• [TASK BRIEF]
Find and copy each line of the listing below that has the word "longleftrightarrow" in it.

BEGIN

(* Let $A$ be an operator on a Banach space $X$ that admits a $\mathcal B$-calculus. Then \[\sup_{\alpha>0}\alpha\int_{\mathbb R}\big|\langle(\alpha+i\beta+A)^{-2}x,x^*\rangle\big|\,d\beta<\infty\quad\text{for all }x\in X,\ x^*\in X^*.\]
   Context: $\mathbb C_+=\{z:\Re z>0\}$. $\mathcal B$ is the Banach algebra of holomorphic $f$ on $\mathbb C_+$ with $\|f\|_{\mathcal B_0}:=\int_0^\infty\sup_{\beta\in\mathbb R}|f'(\alpha+i\beta)|\,d\alpha<\infty$, with norm $\|f\|_{\mathcal B}=\sup_{\mathbb C_+}|f|+\|f\|_{\mathcal B_0}$. For $z\in\mathbb C_+$, $r_z(\lambda)=(z+\lambda)^{-1}$ ($r_z\in\mathcal B$). An operator $A$ on $X$ admits a $\mathcal B$-calculus if $A$ is densely defined, $\sigma(A)\subset\overline{\mathbb C}_+$, and there is a bounded algebra homomorphism $\Phi:\mathcal B\to L(X)$ with $\Phi(r_z)=(z+A)^{-1}$ for all $z\in\mathbb C_+$. *)

theory Defs
  imports "HOL-Analysis.Analysis"
begin

class complex_banach = banach +
  fixes cscale :: "complex \<Rightarrow> 'a \<Rightarrow> 'a"
  assumes cscale_add_right: "cscale c (x + y) = cscale c x + cscale c y"
    and cscale_add_left: "cscale (a + b) x = cscale a x + cscale b x"
    and cscale_cscale: "cscale a (cscale b x) = cscale (a * b) x"
    and cscale_of_real: "cscale (complex_of_real r) x = scaleR r x"
    and norm_cscale: "norm (cscale c x) = cmod c * norm x"

definition cbl_op :: "('a::complex_banach \<Rightarrow> 'a) \<Rightarrow> bool" where
  "cbl_op T \<longleftrightarrow> bounded_linear T \<and> (\<forall>c x. T (cscale c x) = cscale c (T x))"

definition cbl_fun :: "('a::complex_banach \<Rightarrow> complex) \<Rightarrow> bool" where
  "cbl_fun \<phi> \<longleftrightarrow> bounded_linear \<phi> \<and> (\<forall>c x. \<phi> (cscale c x) = c * \<phi> x)"

definition densely_defined_op :: "'a::complex_banach set \<Rightarrow> ('a \<Rightarrow> 'a) \<Rightarrow> bool" where
  "densely_defined_op D A \<longleftrightarrow>
     0 \<in> D \<and> (\<forall>x\<in>D. \<forall>y\<in>D. x + y \<in> D) \<and> (\<forall>c. \<forall>x\<in>D. cscale c x \<in> D) \<and>
     (\<forall>x\<in>D. \<forall>y\<in>D. A (x + y) = A x + A y) \<and> (\<forall>c. \<forall>x\<in>D. A (cscale c x) = cscale c (A x)) \<and>
     closure D = UNIV"

definition resolvent_set :: "'a::complex_banach set \<Rightarrow> ('a \<Rightarrow> 'a) \<Rightarrow> complex set" where
  "resolvent_set D A = {l. \<exists>R. cbl_op R \<and>
      (\<forall>y. R y \<in> D \<and> cscale l (R y) - A (R y) = y) \<and>
      (\<forall>x\<in>D. R (cscale l x - A x) = x)}"

definition op_spectrum :: "'a::complex_banach set \<Rightarrow> ('a \<Rightarrow> 'a) \<Rightarrow> complex set" where
  "op_spectrum D A = - resolvent_set D A"

definition res_inv :: "'a::complex_banach set \<Rightarrow> ('a \<Rightarrow> 'a) \<Rightarrow> complex \<Rightarrow> 'a \<Rightarrow> 'a" where
  "res_inv D A z y = (THE u. u \<in> D \<and> cscale z u + A u = y)"

definition rhp :: "complex set" where
  "rhp = {z. 0 < Re z}"

definition B0_norm :: "(complex \<Rightarrow> complex) \<Rightarrow> ennreal" where
  "B0_norm f = (\<integral>\<^sup>+ \<alpha>. indicator {0<..} \<alpha> *
       (SUP \<beta>. ennreal (cmod (deriv f (Complex \<alpha> \<beta>)))) \<partial>lborel)"

definition B_alg :: "(complex \<Rightarrow> complex) set" where
  "B_alg = {f. f holomorphic_on rhp \<and> bounded (f ` rhp) \<and> B0_norm f < \<infinity>}"

definition B_norm :: "(complex \<Rightarrow> complex) \<Rightarrow> real" where
  "B_norm f = (SUP z\<in>rhp. cmod (f z)) + enn2real (B0_norm f)"

definition r_fun :: "complex \<Rightarrow> complex \<Rightarrow> complex" where
  "r_fun z = (\<lambda>w. inverse (z + w))"

text \<open>Bounded algebra homomorphism \<Phi> : B \<rightarrow> L(X). Elements of B are functions on the
  half-plane, so \<Phi> f may depend only on the restriction of f to rhp.\<close>
definition bounded_alg_hom_B :: "((complex \<Rightarrow> complex) \<Rightarrow> 'a::complex_banach \<Rightarrow> 'a) \<Rightarrow> bool" where
  "bounded_alg_hom_B \<Phi> \<longleftrightarrow>
     (\<forall>f\<in>B_alg. cbl_op (\<Phi> f)) \<and>
     (\<forall>f\<in>B_alg. \<forall>g\<in>B_alg. (\<forall>z\<in>rhp. f z = g z) \<longrightarrow> \<Phi> f = \<Phi> g) \<and>
     (\<forall>f\<in>B_alg. \<forall>g\<in>B_alg. \<Phi> (\<lambda>z. f z + g z) = (\<lambda>x. \<Phi> f x + \<Phi> g x)) \<and>
     (\<forall>c. \<forall>f\<in>B_alg. \<Phi> (\<lambda>z. c * f z) = (\<lambda>x. cscale c (\<Phi> f x))) \<and>
     (\<forall>f\<in>B_alg. \<forall>g\<in>B_alg. \<Phi> (\<lambda>z. f z * g z) = \<Phi> f \<circ> \<Phi> g) \<and>
     (\<exists>M. \<forall>f\<in>B_alg. \<forall>x. norm (\<Phi> f x) \<le> M * B_norm f * norm x)"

END

• [ANSWER]
  "cbl_op T \<longleftrightarrow> bounded_linear T \<and> (\<forall>c x. T (cscale c x) = cscale c (T x))"
  "cbl_fun \<phi> \<longleftrightarrow> bounded_linear \<phi> \<and> (\<forall>c x. \<phi> (cscale c x) = c * \<phi> x)"
  "densely_defined_op D A \<longleftrightarrow>
  "bounded_alg_hom_B \<Phi> \<longleftrightarrow>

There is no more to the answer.